Version Compatibility

Reference examples tested with: DiffDock-L (Corso 2024), Boltz-1 1.0+, Boltz-2 (Wohlwend 2025), Chai-1 0.4+, AlphaFold3 (DeepMind), EquiBind, TANKBind, GNINA 1.1+, PoseBusters 0.6+.

Before using code patterns, verify installed versions match. If versions differ:

Python: pip show <package> then help(module.function) to check signatures
CLI: diffdock --version; boltz --version

If code throws ImportError, AttributeError, or TypeError, introspect the installed package and adapt the example to match the actual API rather than retrying.

ML Docking and Rescoring

Use machine learning models for protein-ligand pose prediction and affinity scoring. The field underwent a major shift in 2023-2025: foundation models (AlphaFold3, Boltz-1, Chai-1) handle protein-ligand prediction natively; diffusion-based docking (DiffDock-L) generates poses; Boltz-2 affinity module approaches FEP accuracy at 1000x speed. Critical caveat: PoseBusters (Buttenschoen 2024) showed ML methods produce ~50% physically-invalid poses despite RMSD <= 2 Å; classical methods (Vina, GOLD) produce ~5-15% invalid. The postdoc-grade workflow is hybrid: ML for pose sampling + classical rescoring + physical validation.

For classical docking, see chemoinformatics/virtual-screening. For pose validation (PoseBusters), see chemoinformatics/pose-validation. For free-energy calculations (post-docking), see chemoinformatics/free-energy-calculations. For PROTAC ternary complex prediction, see chemoinformatics/protac-degraders.
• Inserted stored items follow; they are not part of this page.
lemma tendsto_at_bot_if_uniform_Cauchy:
  fixes f :: "real \<Rightarrow> 'a::banach"
  assumes bound: "\<And>a x. a \<le> A \<Longrightarrow> x \<le> a \<Longrightarrow> norm (f a - f x) \<le> h a"
    and h: "(h \<longlongrightarrow> 0) at_bot"
  shows "\<exists>L. (f \<longlongrightarrow> L) at_bot"
proof -
  have "cauchy_filter (filtermap f at_bot)"
  proof (unfold cauchy_filter_metric_filtermap, intro allI impI)
    fix e :: real assume "0 < e"
    then obtain B where B: "\<And>a. a \<le> B \<Longrightarrow> norm (h a) < e"
      using h by (auto simp: tendsto_iff dist_norm eventually_at_bot_linorder)
    have "dist (f x) (f y) < e" if "x \<le> min A B" "y \<le> min A B" for x y
      using bound[of x y] bound[of y x] B[of x] B[of y] that
      by (cases "y \<le> x") (auto simp: dist_norm norm_minus_commute)
    then show "\<exists>P. eventually P at_bot \<and> (\<forall>x y. P x \<and> P y \<longrightarrow> dist (f x) (f y) < e)"
      using eventually_le_at_bot[of "min A B"] by blast
  qed
  then obtain L where "filtermap f at_bot \<le> nhds L"
    using cauchy_filter_complete_converges[OF _ complete_UNIV, of "filtermap f at_bot"]
    by (auto simp: filtermap_bot_iff)
  then show ?thesis by (auto simp: filterlim_def)
qed

lemma norm_diff_le_exp_half:
  fixes f f' :: "real \<Rightarrow> 'a::real_normed_vector"
  assumes "x \<le> a" "0 \<le> B"
    and deriv: "\<And>y. y \<le> a \<Longrightarrow> (f has_vector_derivative f' y) (at y)"
    and bound: "\<And>y. y \<le> a \<Longrightarrow> norm (f' y) \<le> B * exp (y / 2)"
  shows "norm (f a - f x) \<le> 2 * B * exp (a / 2)"
proof (cases "x = a")
  case False
  have exp_deriv: "((\<lambda>y. 2 * B * exp (y / 2)) has_vector_derivative B * exp (y / 2)) (at y)" for y
    by (auto intro!: derivative_eq_intros simp: has_real_derivative_iff_has_vector_derivative[symmetric])
  have "norm (f a - f x) \<le> 2 * B * exp (a / 2) - 2 * B * exp (x / 2)"
  proof (rule differentiable_bound_general[where f' = f'])
    show "continuous_on {x..a} f"
      using deriv by (intro continuous_at_imp_continuous_on ballI has_vector_derivative_continuous) auto
    show "continuous_on {x..a} (\<lambda>y. 2 * B * exp (y / 2))"
      by (intro continuous_intros) simp
  qed (use False assms exp_deriv in auto)
  also have "\<dots> \<le> 2 * B * exp (a / 2)" using assms by simp
  finally show ?thesis .
qed (use assms in simp)

section \<open>The slit exterior\<close>

lemma Gdom_iff: "z \<in> Gdom R \<longleftrightarrow> R < norm z \<and> (Im z = 0 \<longrightarrow> Re z < 0)"
proof -
  have "z \<in> {complex_of_real x | x. x \<ge> 0} \<longleftrightarrow> Im z = 0 \<and> 0 \<le> Re z"
    by (auto intro!: exI[of _ "Re z"] complex_eqI)
  then show ?thesis unfolding Gdom_def by (auto simp: dist_norm)
qed

lemma norm_powr_le_horizontal_shift:
  assumes s: "1 \<le> norm (Complex y b)" and w: "1 \<le> norm (Complex a b)" and ya: "y \<le> a"
  shows "norm (Complex y b) powr \<alpha> \<le> (2 * (1 + (a - y))) powr \<bar>\<alpha>\<bar> * norm (Complex a b) powr \<alpha>"
proof -
  define Y where "Y = a - y"
  have "Complex y b - Complex a b = of_real (y - a)" by (simp add: complex_eq_iff)
  then have Y: "0 \<le> Y" "norm (Complex y b - Complex a b) = Y"
    using ya by (simp_all only: Y_def norm_of_real)
  have hi: "norm (Complex y b) \<le> norm (Complex a b) * (2 * (1 + Y))"
    using norm_triangle_ineq2[of "Complex y b" "Complex a b"] Y w mult_left_mono[of 1 "norm (Complex a b)" Y]
    by (simp add: algebra_simps)
  have lo: "norm (Complex a b) / (2 * (1 + Y)) \<le> norm (Complex y b)"
  proof (cases "Y \<le> norm (Complex a b) / 2")
    case True
    have "norm (Complex a b) / (2 * (1 + Y)) \<le> norm (Complex a b) / 2"
      using Y w by (intro divide_left_mono) auto
    moreover have "norm (Complex a b) - Y \<le> norm (Complex y b)"
      using norm_triangle_ineq2[of "Complex a b" "Complex y b"] Y by (simp add: norm_minus_commute)
    ultimately show ?thesis using True by linarith
  next
    case False
    then have "norm (Complex a b) / (2 * (1 + Y)) \<le> 1" using Y by (simp add: field_simps)
    then show ?thesis using s by linarith
  qed
  have "norm (Complex y b) powr \<alpha> \<le> (2 * (1 + Y)) powr \<bar>\<alpha>\<bar> * norm (Complex a b) powr \<alpha>"
    using w Y by (intro powr_le_within_factor[OF _ lo hi]) auto
  then show ?thesis by (simp add: Y_def)
qed

lemma open_Gdom: "open (Gdom R)"
proof -
  have "{complex_of_real x | x. x \<ge> 0} = \<real> \<inter> {w. 0 \<le> Re w}"
    by (auto simp: complex_is_Real_iff intro!: exI[of _ "Re _"] complex_eqI)
  then have "closed {complex_of_real x | x. x \<ge> 0}" by (simp add: closed_Real_halfspace_Re_ge)
  then show ?thesis unfolding Gdom_def by (intro open_Diff closed_Un) auto
qed

lemma filterlim_of_real_at_bot_Gdom: "filterlim complex_of_real (at_infinity_in (Gdom R)) at_bot"
proof -
  have "filterlim complex_of_real at_infinity at_bot"
  proof (subst filterlim_at_infinity[OF order_refl], intro allI impI)
    fix r :: real
    show "\<forall>\<^sub>F x in at_bot. r \<le> norm (complex_of_real x)"
      using eventually_le_at_bot[of "- r"] by eventually_elim auto
  qed
  moreover have "\<forall>\<^sub>F x in at_bot. complex_of_real x \<in> Gdom R"
    using eventually_le_at_bot[of "- \<bar>R\<bar> - 1"] by eventually_elim (auto simp: Gdom_iff)
  ultimately show ?thesis by (simp add: filterlim_inf filterlim_principal)
qed

lemma has_vector_derivative_horizontal_line:
  assumes "(K has_field_derivative D) (at (Complex y b))"
  shows "((\<lambda>y. K (Complex y b)) has_vector_derivative D) (at y)"
proof -
  have eq: "Complex x b = of_real x + \<i> * of_real b" for x by (simp add: complex_eq_iff)
  have "((\<lambda>z. K (z + \<i> * of_real b)) has_field_derivative D) (at (of_real y))"
    using assms by (simp add: DERIV_shift[symmetric] eq)
  from has_vector_derivative_real_field[OF this] show ?thesis by (simp add: eq)
qed
lemma embed_qpow4: "embed (qpow4 d x) = (embed x) ^ 4"
  by (simp add: qpow4_def embed_mul power4_eq_xxxx)

lemma embed_sum: "embed (sum f A) = (\<Sum>i\<in>A. embed (f i))"
  by (induction A rule: infinite_finite_induct) (simp_all add: embed_zero embed_add)

lemma embed_inj:
  assumes "embed x = embed y"
  shows "x = y"
proof -
  obtain u v where uv: "x - y = (u, v)" by (cases "x - y")
  have "of_rat u + of_rat v * sqrt_d = 0" using assms embed_diff[of x y] uv by (simp add: embed_def)
  hence "(of_rat u)\<^sup>2 = (of_rat v * sqrt_d)\<^sup>2" by (simp add: eq_neg_iff_add_eq_0[symmetric])
  hence "of_rat (u\<^sup>2) = (of_rat (d * v\<^sup>2) :: complex)"
    using sqrt_d_square by (simp add: of_rat_mult of_rat_power power_mult_distrib mult.commute)
  hence "u\<^sup>2 - d * v\<^sup>2 = 0" using of_rat_eq_iff by fastforce
  hence "x - y = 0" using norm_nonzero[of "x - y"] uv by auto
  thus ?thesis by simp
qed

lemma qmul_sum_distrib_left: "c \<cdot> sum f S = (\<Sum>m\<in>S. c \<cdot> f m)"
  by (rule embed_inj) (simp add: embed_mul embed_sum sum_distrib_left)

lemma qmul_left_diff_distrib: "(a - b) \<cdot> c = a \<cdot> c - b \<cdot> c"
  by (rule embed_inj) (simp add: embed_mul embed_diff algebra_simps)

lemma qmul_right_diff_distrib: "a \<cdot> (b - c) = a \<cdot> b - a \<cdot> c"
  by (rule embed_inj) (simp add: embed_mul embed_diff algebra_simps)

lemma qmul_scalar_one [simp]: "a \<cdot> scalar 1 = a"
  by (simp add: qmul_def)

lemma qmul_zero_right [simp]: "a \<cdot> 0 = 0"
  by (simp add: qmul_def zero_prod_def)

lemma qpow4_scalar [simp]: "qpow4 d (scalar c) = scalar (c ^ 4)"
  by (simp add: qpow4_def qmul_def power4_eq_xxxx)

lemma qpow4_zero [simp]: "qpow4 d 0 = 0"
  by (simp add: qpow4_def qmul_def zero_prod_def)

lemma small_scalar_iff: "small N (scalar c) \<longleftrightarrow> v2_ge ((N + 1) div 2) c"
  using small_iff[of N "scalar c"] by (simp add: v2_ge_def)

lemma exact_val_one: "exact_val 0 (scalar 1)"
  using v2_of_int[of 1] v2_int_pow2_mult_odd[of 1 0] by (simp add: exact_val_def small_scalar_iff v2_ge_def)

section \<open>Newton iteration\<close>

lemma small_newton_coefficients:
  "small (-4) (scalar (1/4))" "small (-6) (scalar (3/8))"
  "small (-8) (scalar (-1/16))" "small (-16) (scalar (1/256))"
proof -
  have v: "v2 (of_int w / of_int (2 ^ k)) = - int k" if "\<not> 2 dvd w" for w :: int and k
    using v2_int_quotient[of w "2 ^ k"] v2_int_pow2_mult_odd[of w 0] v2_int_pow2_mult_odd[of 1 k] that
    by (cases "w = 0") auto
  show "small (-4) (scalar (1/4))" using v[of 1 2] by (simp add: small_scalar_iff v2_ge_def)
  show "small (-6) (scalar (3/8))" using v[of 3 3] by (simp add: small_scalar_iff v2_ge_def)
  show "small (-8) (scalar (-1/16))" using v[of "-1" 4] by (simp add: small_scalar_iff v2_ge_def)
  show "small (-16) (scalar (1/256))" using v[of 1 8] by (simp add: small_scalar_iff v2_ge_def)
qed

definition quartic :: "rat \<times> rat \<Rightarrow> rat \<times> rat \<Rightarrow> rat \<times> rat \<Rightarrow> rat \<times> rat" where
  "quartic A R X = A \<cdot> qpow4 d X + R"

text \<open>The derivative of the quartic is \<open>4 A X\<^sup>3\<close> with \<open>A X\<^sup>3 \<equiv> 1 (mod \<pi>)\<close> along the iteration,
  so dividing by \<open>4\<close> instead of the derivative still gains a power of \<open>\<pi>\<close> in each step.\<close>

definition newton_step :: "rat \<times> rat \<Rightarrow> rat \<times> rat \<Rightarrow> rat \<times> rat \<Rightarrow> rat \<times> rat" where
  "newton_step A R X = X - scalar (1/4) \<cdot> quartic A R X"

lemma quartic_newton_step:
  "quartic A R (newton_step A R X) = quartic A R X \<cdot> (scalar 1 - A \<cdot> X \<cdot> X \<cdot> X)
     + scalar (3/8) \<cdot> A \<cdot> X \<cdot> X \<cdot> quartic A R X \<cdot> quartic A R X
     + scalar (-1/16) \<cdot> A \<cdot> X \<cdot> quartic A R X \<cdot> quartic A R X \<cdot> quartic A R X
     + scalar (1/256) \<cdot> A \<cdot> quartic A R X \<cdot> quartic A R X \<cdot> quartic A R X \<cdot> quartic A R X"
proof (rule embed_inj)
  define a r x where "a = embed A" "r = embed R" "x = embed X"
  have q: "embed (quartic A R X) = a * x ^ 4 + r"
    by (simp add: quartic_def embed_add embed_mul embed_qpow4 a_r_x_def)
  show "embed (quartic A R (newton_step A R X)) = embed (quartic A R X \<cdot> (scalar 1 - A \<cdot> X \<cdot> X \<cdot> X)
     + scalar (3/8) \<cdot> A \<cdot> X \<cdot> X \<cdot> quartic A R X \<cdot> quartic A R X
     + scalar (-1/16) \<cdot> A \<cdot> X \<cdot> quartic A R X \<cdot> quartic A R X \<cdot> quartic A R X
     + scalar (1/256) \<cdot> A \<cdot> quartic A R X \<cdot> quartic A R X \<cdot> quartic A R X \<cdot> quartic A R X)"
    unfolding embed_add embed_mul embed_diff embed_scalar q
    by (simp add: newton_step_def quartic_def embed_add embed_mul embed_diff embed_scalar embed_qpow4
        a_r_x_def of_rat_divide of_rat_minus)
       (simp add: field_simps power4_eq_xxxx power3_eq_cube power2_eq_square; algebra)
qed

lemma small_newton_step:
  assumes A: "exact_val 0 A" and X: "small 3 (X - scalar 1)" and F: "small (7 + k) (quartic A R X)"
    and k: "k \<ge> 0"
  shows "small (3 + k) (newton_step A R X - X)" and "small (8 + k) (quartic A R (newton_step A R X))"
proof -
  define \<delta> where "\<delta> = quartic A R X"
  have \<delta>: "small (7 + k) \<delta>" using F \<delta>_def by simp
  have "newton_step A R X - X = - (scalar (1/4) \<cdot> \<delta>)" by (simp add: newton_step_def \<delta>_def)
  thus "small (3 + k) (newton_step A R X - X)"
    using small_mul[OF small_newton_coefficients(1) \<delta>] by simp
  have X_unit: "exact_val 0 X"
    using exact_val_add_small[OF exact_val_one small_mono[OF X]] by simp
  have AX: "small 0 A" "small 0 X" using A X_unit exact_val_imp_small by auto
  have "exact_val 0 (A \<cdot> X \<cdot> X \<cdot> X)"
    using exact_val_mul[OF exact_val_mul[OF exact_val_mul[OF A X_unit] X_unit] X_unit] by simp
  hence "small 1 (scalar 1 - A \<cdot> X \<cdot> X \<cdot> X)"
    using exact_val_add_exact_val[OF exact_val_one, of "- (A \<cdot> X \<cdot> X \<cdot> X)"] by simp
  hence "small (7 + k + 1) (\<delta> \<cdot> (scalar 1 - A \<cdot> X \<cdot> X \<cdot> X))" by (intro small_mul \<delta>)
  hence T1: "small (8 + k) (\<delta> \<cdot> (scalar 1 - A \<cdot> X \<cdot> X \<cdot> X))" by (rule small_mono) simp
  have "small (-6 + 0 + 0 + 0 + (7 + k) + (7 + k)) (scalar (3/8) \<cdot> A \<cdot> X \<cdot> X \<cdot> \<delta> \<cdot> \<delta>)"
    by (intro small_mul small_newton_coefficients AX \<delta>)
  hence T2: "small (8 + k) (scalar (3/8) \<cdot> A \<cdot> X \<cdot> X \<cdot> \<delta> \<cdot> \<delta>)" by (rule small_mono) (use k in linarith)
  have "small (-8 + 0 + 0 + (7 + k) + (7 + k) + (7 + k)) (scalar (-1/16) \<cdot> A \<cdot> X \<cdot> \<delta> \<cdot> \<delta> \<cdot> \<delta>)"
    by (intro small_mul small_newton_coefficients AX \<delta>)
  hence T3: "small (8 + k) (scalar (-1/16) \<cdot> A \<cdot> X \<cdot> \<delta> \<cdot> \<delta> \<cdot> \<delta>)" by (rule small_mono) (use k in linarith)
  have "small (-16 + 0 + (7 + k) + (7 + k) + (7 + k) + (7 + k)) (scalar (1/256) \<cdot> A \<cdot> \<delta> \<cdot> \<delta> \<cdot> \<delta> \<cdot> \<delta>)"
    by (intro small_mul small_newton_coefficients AX \<delta>)
  hence T4: "small (8 + k) (scalar (1/256) \<cdot> A \<cdot> \<delta> \<cdot> \<delta> \<cdot> \<delta> \<cdot> \<delta>)" by (rule small_mono) (use k in linarith)
  show "small (8 + k) (quartic A R (newton_step A R X))"
    unfolding quartic_newton_step \<delta>_def[symmetric] by (intro small_add T1 T2 T3 T4)
qed

definition newton_iter :: "rat \<times> rat \<Rightarrow> rat \<times> rat \<Rightarrow> nat \<Rightarrow> rat \<times> rat" where
  "newton_iter A R k = (newton_step A R ^^ k) (scalar 1)"

lemma newton_iter_Suc: "newton_iter A R (Suc k) = newton_step A R (newton_iter A R k)"
  by (simp add: newton_iter_def)

lemma newton_iter_bounds:
  assumes A: "exact_val 0 A" and F: "small 7 (quartic A R (scalar 1))"
  shows "small 3 (newton_iter A R k - scalar 1) \<and> small (7 + int k) (quartic A R (newton_iter A R k))"
proof (induction k)
  case 0
  show ?case using F by (simp add: newton_iter_def)
next
  case (Suc k)
  let ?X = "newton_iter A R k"
  have step: "small (3 + int k) (newton_step A R ?X - ?X)" "small (8 + int k) (quartic A R (newton_step A R ?X))"
    using small_newton_step[OF A, of ?X "int k" R] Suc.IH by auto
  have "newton_step A R ?X - scalar 1 = (?X - scalar 1) + (newton_step A R ?X - ?X)" by simp
  hence "small 3 (newton_step A R ?X - scalar 1)"
    using small_add[OF conjunct1[OF Suc.IH] small_mono[OF step(1)]] by (simp only:)
  thus ?case using step(2) by (simp add: newton_iter_Suc add.commute add.left_commute)
qed

lemma newton_iter_increment:
  assumes "exact_val 0 A" "small 7 (quartic A R (scalar 1))"
  shows "small (3 + int k) (newton_iter A R (Suc k) - newton_iter A R k)"
  using small_newton_step(1)[OF assms(1)] newton_iter_bounds[OF assms] by (simp add: newton_iter_Suc)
ML Docking Method Taxonomy

Tool	Approach	Speed	Strength	Fails when
DiffDock-L (Corso 2024)	Equivariant diffusion	5s/lig GPU	Pose sampling for cross-dock	~50% PB-invalid; OOD
Boltz-1 (Wohlwend 2024)	AlphaFold-style foundation	10s GPU	Full complex prediction	DNA / RNA may be off
Boltz-2 (Wohlwend 2025)	Boltz-1 + affinity head	10s GPU	Pose + affinity (Pearson 0.66 on 4-target FEP+ subset; RMSE ~1.5 kcal/mol on ChEMBL holdout)	Novel chemotype OOD
Chai-1 (Chai 2024)	AlphaFold-style + LM	10s GPU	Pose 77% RMSD success on PoseBusters	Limited public
AlphaFold3 (DeepMind 2024)	Foundation model	API only	Pose 76% RMSD on PoseBusters	Restricted API access
EquiBind	Equivariant single-shot	<1s GPU	Fast pose	Lowest accuracy on PoseBusters
TANKBind	Distance + classifier	<1s GPU	Fast pose + score	Geometric inconsistency
NeuralPLexer	E3-equivariant	<1s	Fast pose	Limited adoption
Glide (Schrödinger)	Hybrid grid + ML rescoring	30s GPU	Commercial SOTA	License cost
GNINA 1.1 CNN	Classical sampling + CNN scoring	30s GPU	Best classical-hybrid	Limited to PDBbind chemotypes

Decision: For pose prediction with structure prediction needed, Boltz-1 (or Boltz-2 if affinity also needed) is the modern open-source SOTA. For ligand pose with known holo, DiffDock-L + GNINA rescoring + PoseBusters is the standard hybrid.

Decision Tree by Scenario

Scenario	Recommended workflow
Known holo, need fast pose	GNINA classical
Apo or AF-predicted protein, need pose	Boltz-1 or Chai-1
Cross-docking + scaffold hopping	DiffDock-L + GNINA rescore + PoseBusters
Affinity prediction (replace FEP first-pass)	Boltz-2 affinity module
Ultralarge library (1M+)	Vina pre-filter -> GNINA on top 1% -> Boltz-2 on top 0.1%
Novel target family	Boltz-1 / Chai-1 (uses MSA flexibility)
Cofactor / metal binding	AlphaFold3 (best cofactor handling); validate with classical
PROTAC / bivalent	Boltz-1 / Chai-1 with multimer + constraints
Production with auditable poses	GNINA classical + Boltz-2 score

PoseBusters Problem (Critical)

PoseBusters benchmark (Buttenschoen 2024) showed:

Tool	RMSD <= 2 Å	PB-valid	RMSD <= 2 Å AND PB-valid
Vina (default)	65%	90%	60%
GOLD	70%	88%	65%
GNINA CNN	73%	85%	65%
DiffDock-L	55%	40%	25%
EquiBind	30%	25%	10%
TANKBind	45%	35%	20%
AlphaFold3 ligand	76%	65%	55%
Chai-1	77%	70%	58%
Boltz-1	74%	68%	55%
Boltz-2 (with affinity)	76%	70%	58%

Conclusion: Modern foundation models match classical RMSD but with worse physical plausibility. Always require PB-valid + RMSD <= 2 Å.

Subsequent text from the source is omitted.